• **What is being asked**:
Using the material below, return exactly the lines between the one holding "r) \<or> (Suc r < length" and the one holding "J ! r) \<and>", inclusive, and no others.

• **Source records**:
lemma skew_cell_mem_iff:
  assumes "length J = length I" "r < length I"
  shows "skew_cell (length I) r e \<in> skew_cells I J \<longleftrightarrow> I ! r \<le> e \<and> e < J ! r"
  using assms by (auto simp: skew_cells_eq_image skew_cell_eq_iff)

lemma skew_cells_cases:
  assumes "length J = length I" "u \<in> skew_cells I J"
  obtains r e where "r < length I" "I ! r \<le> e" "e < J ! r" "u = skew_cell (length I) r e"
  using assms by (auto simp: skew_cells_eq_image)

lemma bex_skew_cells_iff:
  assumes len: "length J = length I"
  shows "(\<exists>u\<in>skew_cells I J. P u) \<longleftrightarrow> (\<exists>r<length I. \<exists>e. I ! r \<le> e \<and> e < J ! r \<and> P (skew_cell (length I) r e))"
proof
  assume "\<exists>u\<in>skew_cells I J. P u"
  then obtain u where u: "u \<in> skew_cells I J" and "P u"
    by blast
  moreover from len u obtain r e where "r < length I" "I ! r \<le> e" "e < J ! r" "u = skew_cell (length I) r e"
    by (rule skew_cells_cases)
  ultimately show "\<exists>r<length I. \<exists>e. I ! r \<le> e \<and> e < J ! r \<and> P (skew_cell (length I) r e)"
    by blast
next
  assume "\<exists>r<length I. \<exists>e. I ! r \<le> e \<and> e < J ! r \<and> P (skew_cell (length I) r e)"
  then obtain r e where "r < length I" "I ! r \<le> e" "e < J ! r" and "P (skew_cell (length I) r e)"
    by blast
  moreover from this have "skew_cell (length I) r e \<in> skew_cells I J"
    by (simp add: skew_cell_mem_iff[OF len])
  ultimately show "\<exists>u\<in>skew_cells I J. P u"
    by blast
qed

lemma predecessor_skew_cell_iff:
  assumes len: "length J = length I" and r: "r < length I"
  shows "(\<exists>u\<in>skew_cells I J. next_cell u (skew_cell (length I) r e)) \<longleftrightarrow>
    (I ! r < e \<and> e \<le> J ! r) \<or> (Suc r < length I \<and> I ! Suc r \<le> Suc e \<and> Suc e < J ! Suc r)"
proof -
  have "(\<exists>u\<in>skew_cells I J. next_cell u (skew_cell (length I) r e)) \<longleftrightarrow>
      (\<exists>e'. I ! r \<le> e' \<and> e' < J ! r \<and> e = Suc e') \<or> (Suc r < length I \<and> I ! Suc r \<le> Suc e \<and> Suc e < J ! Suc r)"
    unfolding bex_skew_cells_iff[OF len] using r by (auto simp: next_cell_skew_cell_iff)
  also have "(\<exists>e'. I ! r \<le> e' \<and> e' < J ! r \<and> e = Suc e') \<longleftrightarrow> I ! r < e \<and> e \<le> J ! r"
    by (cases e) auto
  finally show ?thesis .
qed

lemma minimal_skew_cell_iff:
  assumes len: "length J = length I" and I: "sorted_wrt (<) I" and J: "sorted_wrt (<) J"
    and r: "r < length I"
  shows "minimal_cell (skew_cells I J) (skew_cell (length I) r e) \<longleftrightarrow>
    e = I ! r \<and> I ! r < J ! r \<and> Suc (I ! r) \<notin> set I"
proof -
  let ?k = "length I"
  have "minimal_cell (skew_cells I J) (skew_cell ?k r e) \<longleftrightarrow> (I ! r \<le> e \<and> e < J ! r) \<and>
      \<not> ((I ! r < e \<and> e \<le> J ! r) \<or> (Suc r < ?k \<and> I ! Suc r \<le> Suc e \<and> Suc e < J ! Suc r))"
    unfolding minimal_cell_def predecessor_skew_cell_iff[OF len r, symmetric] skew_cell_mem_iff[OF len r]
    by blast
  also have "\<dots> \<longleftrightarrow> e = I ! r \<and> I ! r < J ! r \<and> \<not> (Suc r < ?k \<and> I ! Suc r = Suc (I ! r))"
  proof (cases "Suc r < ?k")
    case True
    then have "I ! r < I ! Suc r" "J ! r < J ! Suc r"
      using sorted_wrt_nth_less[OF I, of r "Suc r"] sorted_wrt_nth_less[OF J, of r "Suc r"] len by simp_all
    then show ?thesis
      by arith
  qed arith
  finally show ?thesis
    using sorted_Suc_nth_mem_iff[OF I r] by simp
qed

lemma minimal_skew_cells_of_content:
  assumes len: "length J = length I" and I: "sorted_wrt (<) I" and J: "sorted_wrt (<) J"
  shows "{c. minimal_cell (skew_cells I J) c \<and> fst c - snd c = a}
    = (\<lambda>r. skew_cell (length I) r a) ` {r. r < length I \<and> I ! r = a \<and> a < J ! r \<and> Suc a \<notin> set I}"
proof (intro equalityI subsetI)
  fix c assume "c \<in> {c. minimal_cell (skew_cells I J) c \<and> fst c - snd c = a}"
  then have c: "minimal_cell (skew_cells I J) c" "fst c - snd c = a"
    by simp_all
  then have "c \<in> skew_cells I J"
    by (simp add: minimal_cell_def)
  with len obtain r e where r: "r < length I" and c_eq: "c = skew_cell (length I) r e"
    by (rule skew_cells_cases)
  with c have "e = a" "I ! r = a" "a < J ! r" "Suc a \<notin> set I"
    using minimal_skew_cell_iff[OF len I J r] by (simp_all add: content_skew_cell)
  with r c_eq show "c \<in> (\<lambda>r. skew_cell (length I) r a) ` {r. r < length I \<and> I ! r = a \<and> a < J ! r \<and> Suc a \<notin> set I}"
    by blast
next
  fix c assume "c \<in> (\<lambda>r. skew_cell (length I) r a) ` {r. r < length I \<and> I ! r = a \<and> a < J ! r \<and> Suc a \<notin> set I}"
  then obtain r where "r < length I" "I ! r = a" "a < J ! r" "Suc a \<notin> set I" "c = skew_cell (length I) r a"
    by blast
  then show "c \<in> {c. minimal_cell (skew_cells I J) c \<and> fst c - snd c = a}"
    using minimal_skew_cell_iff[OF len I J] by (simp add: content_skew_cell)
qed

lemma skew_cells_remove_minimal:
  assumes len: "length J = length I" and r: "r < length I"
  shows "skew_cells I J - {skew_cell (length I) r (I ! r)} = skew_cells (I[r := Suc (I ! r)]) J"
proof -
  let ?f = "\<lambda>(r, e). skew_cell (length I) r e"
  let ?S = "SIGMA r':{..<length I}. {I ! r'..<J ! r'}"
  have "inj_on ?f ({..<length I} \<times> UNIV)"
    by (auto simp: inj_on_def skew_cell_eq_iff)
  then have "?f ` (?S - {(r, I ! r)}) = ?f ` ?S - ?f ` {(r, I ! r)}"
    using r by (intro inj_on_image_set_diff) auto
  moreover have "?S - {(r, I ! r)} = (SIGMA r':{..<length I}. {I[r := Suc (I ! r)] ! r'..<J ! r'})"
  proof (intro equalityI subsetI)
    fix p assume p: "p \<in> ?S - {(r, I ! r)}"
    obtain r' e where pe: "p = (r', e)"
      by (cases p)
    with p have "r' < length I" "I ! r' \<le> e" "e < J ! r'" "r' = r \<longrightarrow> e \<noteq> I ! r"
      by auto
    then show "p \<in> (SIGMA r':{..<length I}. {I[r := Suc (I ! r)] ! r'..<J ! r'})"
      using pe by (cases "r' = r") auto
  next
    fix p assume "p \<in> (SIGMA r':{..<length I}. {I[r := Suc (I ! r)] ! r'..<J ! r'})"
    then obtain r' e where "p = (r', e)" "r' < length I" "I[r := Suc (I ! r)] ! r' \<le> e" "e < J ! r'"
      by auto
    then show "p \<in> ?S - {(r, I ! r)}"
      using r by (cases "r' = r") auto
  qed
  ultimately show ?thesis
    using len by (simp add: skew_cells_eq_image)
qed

• **Response below**:
    (I ! r < e \<and> e \<le> J ! r) \<or> (Suc r < length I \<and> I ! Suc r \<le> Suc e \<and> Suc e < J ! Suc r)"
proof -
  have "(\<exists>u\<in>skew_cells I J. next_cell u (skew_cell (length I) r e)) \<longleftrightarrow>
      (\<exists>e'. I ! r \<le> e' \<and> e' < J ! r \<and> e = Suc e') \<or> (Suc r < length I \<and> I ! Suc r \<le> Suc e \<and> Suc e < J ! Suc r)"
    unfolding bex_skew_cells_iff[OF len] using r by (auto simp: next_cell_skew_cell_iff)
  also have "(\<exists>e'. I ! r \<le> e' \<and> e' < J ! r \<and> e = Suc e') \<longleftrightarrow> I ! r < e \<and> e \<le> J ! r"
    by (cases e) auto
  finally show ?thesis .
qed

lemma minimal_skew_cell_iff:
  assumes len: "length J = length I" and I: "sorted_wrt (<) I" and J: "sorted_wrt (<) J"
    and r: "r < length I"
  shows "minimal_cell (skew_cells I J) (skew_cell (length I) r e) \<longleftrightarrow>
    e = I ! r \<and> I ! r < J ! r \<and> Suc (I ! r) \<notin> set I"
proof -
  let ?k = "length I"
  have "minimal_cell (skew_cells I J) (skew_cell ?k r e) \<longleftrightarrow> (I ! r \<le> e \<and> e < J ! r) \<and>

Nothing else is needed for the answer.